Available records Start Marker

(* Let $n\ge 3$ and for $i=1,2$ let $f_i(x,y_0,\dots,y_n)$ be smooth with $\frac{\partial^2 f_i}{\partial y_n^2}\neq0$, and let $D_i$ be the rank 2 distribution on (an open subset of) $J^n(\mathbb R,\mathbb R)\times\mathbb R$ spanned by $\frac{\partial}{\partial x}+\sum_{k=0}^{n-1}y_{k+1}\frac{\partial}{\partial y_k}+f_i\frac{\partial}{\partial z}$ and $\frac{\partial}{\partial y_n}$. Let $\phi$ be a local diffeomorphism with $\phi_*D_1=D_2$ of the form $$\phi(p,z)=(\psi(p),\ \alpha z+\mu(p)),\qquad p\in J^n(\mathbb R,\mathbb R),$$ where $\psi$ is a local diffeomorphism of $J^n(\mathbb R,\mathbb R)$, $\alpha\in\mathbb R\setminus\{0\}$ and $\mu$ is a smooth function on $J^n(\mathbb R,\mathbb R)$. Then $\psi$ is a contact transformation of $J^n(\mathbb R,\mathbb R)$, and $\mu$ does not depend on $y_n$ (i.e. $\mu$ is the pull-back of a function on $J^{n-1}(\mathbb R,\mathbb R)$).
   Context: Coordinates on $J^n(\mathbb R,\mathbb R)$ are $(x,y_0,\dots,y_n)$. A contact transformation of $J^n(\mathbb R,\mathbb R)$ is a (local) diffeomorphism preserving the contact (Cartan) distribution $\{\theta_0=\dots=\theta_{n-1}=0\}$, where $\theta_k=dy_k-y_{k+1}\,dx$. *)

theory Defs
  imports "HOL-Analysis.Analysis"
begin
(* Consider one of the three families (bucket recursive trees, $(b,d)$-ary increasing trees, $(b,\alpha)$-PORTs) generated by the growth process. Let $j\ge1$ and $\ell\in\{1,\dots,b\}$ with $\mathbb P\{K_j=\ell\}>0$, and let $Y_{n,\ell,j}$ denote $Y_{n,j}$ conditioned on $K_j=\ell$, for $n\ge j$. For $i\ge j$ let $A_{i,\ell,j}$ be the indicator (under the same conditioning) that label $i$ is a descendant of label $j$. Then $A_{j,\ell,j}=1$, $$Y_{n,\ell,j}=\sum_{i=j}^nA_{i,\ell,j},$$ and for $i\ge j$, $$\mathbb P\{A_{i+1,\ell,j}=1\mid Y_{i,\ell,j}\}=\begin{cases}\frac{\ell-1+Y_{i,\ell,j}}{i},&\text{bucket recursive trees},\\ \frac{(d-1)(\ell-1+Y_{i,\ell,j})+1}{(d-1)i+1},&\text{$(b,d)$-ary increasing trees},\\ \frac{(\alpha+1)(\ell-1+Y_{i,\ell,j})-1}{(\alpha+1)i-1},&\text{$(b,\alpha)$-PORTs}.\end{cases}$$
   Context: Fix $b\ge1$. A bucket tree is a rooted unordered tree whose nodes ("buckets") $v$ contain $c(v)\in\{1,\dots,b\}$ labels (capacity); $v$ is saturated if $c(v)=b$, and every node with a child is saturated; $d^+(v)$ is its number of children; the size is the total number of labels. Growth process: start with a root bucket containing label 1; given the tree of size $n\ge1$, choose a node $v$ with probability $p(v)$; if $v$ is unsaturated, add label $n+1$ to $v$, otherwise attach to $v$ a new child bucket containing only $n+1$. Families: bucket recursive trees $p(v)=c(v)/n$; $(b,d)$-ary increasing trees ($d\ge2$ integer) $p(v)=\frac{(d-1)c(v)+1-d^+(v)}{(d-1)n+1}$; $(b,\alpha)$-plane oriented recursive trees, $(b,\alpha)$-PORTs ($\alpha>0$) $p(v)=\frac{d^+(v)+(\alpha+1)c(v)-1}{(\alpha+1)n-1}$ (capacities and out-degrees in the current tree of size $n$). $K_j$ is the capacity of the bucket containing label $j$ in the tree of size $j$ (its initial bucket size). $Y_{n,j}$ (number of descendants of label $j$) is the number of labels $\ge j$ contained in the subtree rooted at the bucket containing label $j$, in the tree of size $n$; a label $i\ge j$ is a descendant of $j$ if it is counted there. *)

theory Defs
  imports "HOL-Probability.Probability_Mass_Function"
begin
theorem lemma4p11:
  fixes br :: "'a::euclidean_space \<Rightarrow> 'a \<Rightarrow> 'a" and e :: "nat \<Rightarrow> 'a"
  assumes "compact_simple br"
    and "DIM('a) \<ge> 8"
    and "orthonormal_basis br e"
  shows "{T. alt3 T \<and> Theta br e T = (\<lambda>x y z. 0)} = {(\<lambda>x y z. c * omega_g br x y z) | c. True}"
proof -
  interpret compact_simple_onb br e
    using assms(1,3) by unfold_locales
  show ?thesis
    using Theta_kernel_multiple_of_omega omega_alt3 omega_in_kernel by blast
qed

end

Available records End Marker

**Exercise description:** Return each line among the entries that holds the word "where".

**Result for this task:**
(* Let $n\ge 3$ and for $i=1,2$ let $f_i(x,y_0,\dots,y_n)$ be smooth with $\frac{\partial^2 f_i}{\partial y_n^2}\neq0$, and let $D_i$ be the rank 2 distribution on (an open subset of) $J^n(\mathbb R,\mathbb R)\times\mathbb R$ spanned by $\frac{\partial}{\partial x}+\sum_{k=0}^{n-1}y_{k+1}\frac{\partial}{\partial y_k}+f_i\frac{\partial}{\partial z}$ and $\frac{\partial}{\partial y_n}$. Let $\phi$ be a local diffeomorphism with $\phi_*D_1=D_2$ of the form $$\phi(p,z)=(\psi(p),\ \alpha z+\mu(p)),\qquad p\in J^n(\mathbb R,\mathbb R),$$ where $\psi$ is a local diffeomorphism of $J^n(\mathbb R,\mathbb R)$, $\alpha\in\mathbb R\setminus\{0\}$ and $\mu$ is a smooth function on $J^n(\mathbb R,\mathbb R)$. Then $\psi$ is a contact transformation of $J^n(\mathbb R,\mathbb R)$, and $\mu$ does not depend on $y_n$ (i.e. $\mu$ is the pull-back of a function on $J^{n-1}(\mathbb R,\mathbb R)$).
   Context: Coordinates on $J^n(\mathbb R,\mathbb R)$ are $(x,y_0,\dots,y_n)$. A contact transformation of $J^n(\mathbb R,\mathbb R)$ is a (local) diffeomorphism preserving the contact (Cartan) distribution $\{\theta_0=\dots=\theta_{n-1}=0\}$, where $\theta_k=dy_k-y_{k+1}\,dx$. *)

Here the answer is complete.